# Anything else comparable to Dragonfly Marsh Hen?



## blondmonkey777 (Oct 18, 2012)

Ankona Shadowcast


----------



## Rediculous (May 5, 2012)

A Pelican Ambush is a little less boat-like but kinda close to one. I think they are less than 2 grand.


----------



## Shadowcast (Feb 26, 2008)

> Ankona Shadowcast


X2


----------



## Rediculous (May 5, 2012)

I didn't know a shadowcast could fit in the bed of a truck. I thought it was much more boat-ish.


----------



## paint it black (Nov 3, 2007)

> I didn't know a shadowcast could fit in the bed of a truck. I thought it was much more boat-ish.


You'd be surprised with the 16' SC. But it's not in the same. It'll definitely fit in the back of a full size truck though. Sticking out as any Gheenoe would, though.

I don't think there's a big enough market for someone to make a boat in this class. HB tried with the Skate and failed. I don't know what ever happened to the Venganza 13, but it may have been bigger.


----------



## skinny_water (Jun 11, 2008)

Gheenoe


----------



## Blue Zone (Oct 22, 2011)

Paint It Black mentioned the Venganza 13; I think they are still around at least their site is. Cool looking little boat...


----------



## Rediculous (May 5, 2012)

> > I didn't know a shadowcast could fit in the bed of a truck. I thought it was much more boat-ish.
> 
> 
> You'd be surprised with the 16' SC. But it's not in the same. It'll definitely fit in the back of a full size truck though. Sticking out as any Gheenoe would, though.

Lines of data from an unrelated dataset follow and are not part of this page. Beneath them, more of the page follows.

theorem proposition5p1:
  fixes n :: nat and P :: "'b set" and le :: "'b \<Rightarrow> 'b \<Rightarrow> bool"
    and \<rho> \<rho>' :: "(nat \<Rightarrow> nat) \<Rightarrow> 'b"
  assumes "partial_order_on' P le"
    and "weak_order_iso n P le \<rho>"
    and "weak_order_iso n P le \<rho>'"
    and "\<forall>i\<in>{1..n}. \<rho> (sref i) = \<rho>' (sref i)"
  shows "\<forall>w\<in>Sym n. \<rho> w = \<rho>' w"
proof
  fix w assume w: "w \<in> Sym n"
  have \<rho>: "order_iso_betw \<rho> (Sym n) (left_weak n) P le"
    and \<rho>': "order_iso_betw \<rho>' (Sym n) (left_weak n) P le"
    using assms(2,3) by (simp_all add: weak_order_iso_def order_iso_betw_def)
  let ?\<sigma> = "inv_into (Sym n) \<rho>' \<circ> \<rho>"
  have \<rho>'_\<sigma>: "\<rho>' (?\<sigma> u) = \<rho> u" if "u \<in> Sym n" for u
    using \<rho> \<rho>' that by (auto simp: order_iso_betw_def bij_betw_def f_inv_into_f)
  have "?\<sigma> w = w"
  proof (rule weak_order_automorphism_eq_id[OF _ _ w])
    show "order_iso_betw ?\<sigma> (Sym n) (left_weak n) (Sym n) (left_weak n)"
      using \<rho> order_iso_betw_inv_into[OF \<rho>'] by (rule order_iso_betw_comp)
    fix i assume "i \<in> {1..n}"
    with assms(4) sref_permutes \<rho>' show "?\<sigma> (sref i) = sref i"
      by (auto simp: Sym_def order_iso_betw_def bij_betw_def inv_into_f_f)
  qed
  then show "\<rho> w = \<rho>' w" using \<rho>'_\<sigma>[OF w] by simp
qed

end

If someone asked me to grab one side of their shadowcast, and help lift it in there truck. I'd seriously question their IQ. Now a gheenoe, on the other hand, that's a little more logical.
There's a boat I saw in a thread on here, in the bragging section. Not the posters, but he had taken a pic of it and posted it. Didn't post the manufacturers info till he got some more info on it. It's little like the marsh hen, but not sure if it is in the same kinda class.


----------



## Rediculous (May 5, 2012)

found it....
http://www.microskiff.com/cgi-bin/yabb2/YaBB.pl?num=1355010929


----------



## paint it black (Nov 3, 2007)

> > > I didn't know a shadowcast could fit in the bed of a truck. I thought it was much more boat-ish.
> >
> >
> > You'd be surprised with the 16' SC. But it's not in the same. It'll definitely fit in the back of a full size truck though. Sticking out as any Gheenoe would, though.
> ...


It'll be the same thing as trying to pick up an LT25, even a Classic that's decked out. Have you checked one out in person? it looks like much more boat than it really is.


----------



## Rediculous (May 5, 2012)

> > > > I didn't know a shadowcast could fit in the bed of a truck. I thought it was much more boat-ish.
> > >
> > >
> > > You'd be surprised with the 16' SC. But it's not in the same. It'll definitely fit in the back of a full size truck though. Sticking out as any Gheenoe would, though.
> ...


I wouldn't want to lift anything heavier than a bare bones nmz. The marsh hen is like 13' and less than 150lbs, anything much bigger than that, I feel falls out of that niche. I'm not sure anything is really comparable to the marsh hen, at least that's still being manufactured.


----------



## SNOOK48 (Sep 10, 2012)

From experience, the Marsh Hen will fit into the bed of a truck but it is difficult, especially if you will be carrying an outboard because the boat itself weighs 200+ pounds. However, the boat itself is amazing and the places that it can go are beyond belief. Pm me for more information


----------



## TheDude (Dec 14, 2010)

Thanks for all of the responses. I guess the closest thing out there is probably a Gheenoe. One thing I liked about the Marsh Hen is the relatively high freeboard - looks like it could handle a moderate wind chop in the river and could get around in most conditions in protected waters. I also like the deck/cap. It just seems like another company could build a similar easily portable, compact, lightweight "skiff" along these lines for a fraction of the price.


----------



## nchorley (May 23, 2011)

The best option would be the custom gheenoe 13ft nmz. very easy to handle and can easily go in a truck. its not on the website be it is still offered... same thing as the normal nmz just 2 ft 4 inch shorter


----------



## TheDude (Dec 14, 2010)

> The best option would be the custom gheenoe 13ft nmz. very easy to handle and can easily go in a truck. its not on the website be it is still offered... same thing as the normal nmz just 2 ft 4 inch shorter


Agreed on the NMZ being the closest thing out there. I'm looking into pricing on the 13' and 15'4" right now.


----------



## AfterHours2 (Aug 2, 2010)

Theres a badazz 13 in the for sale section..


----------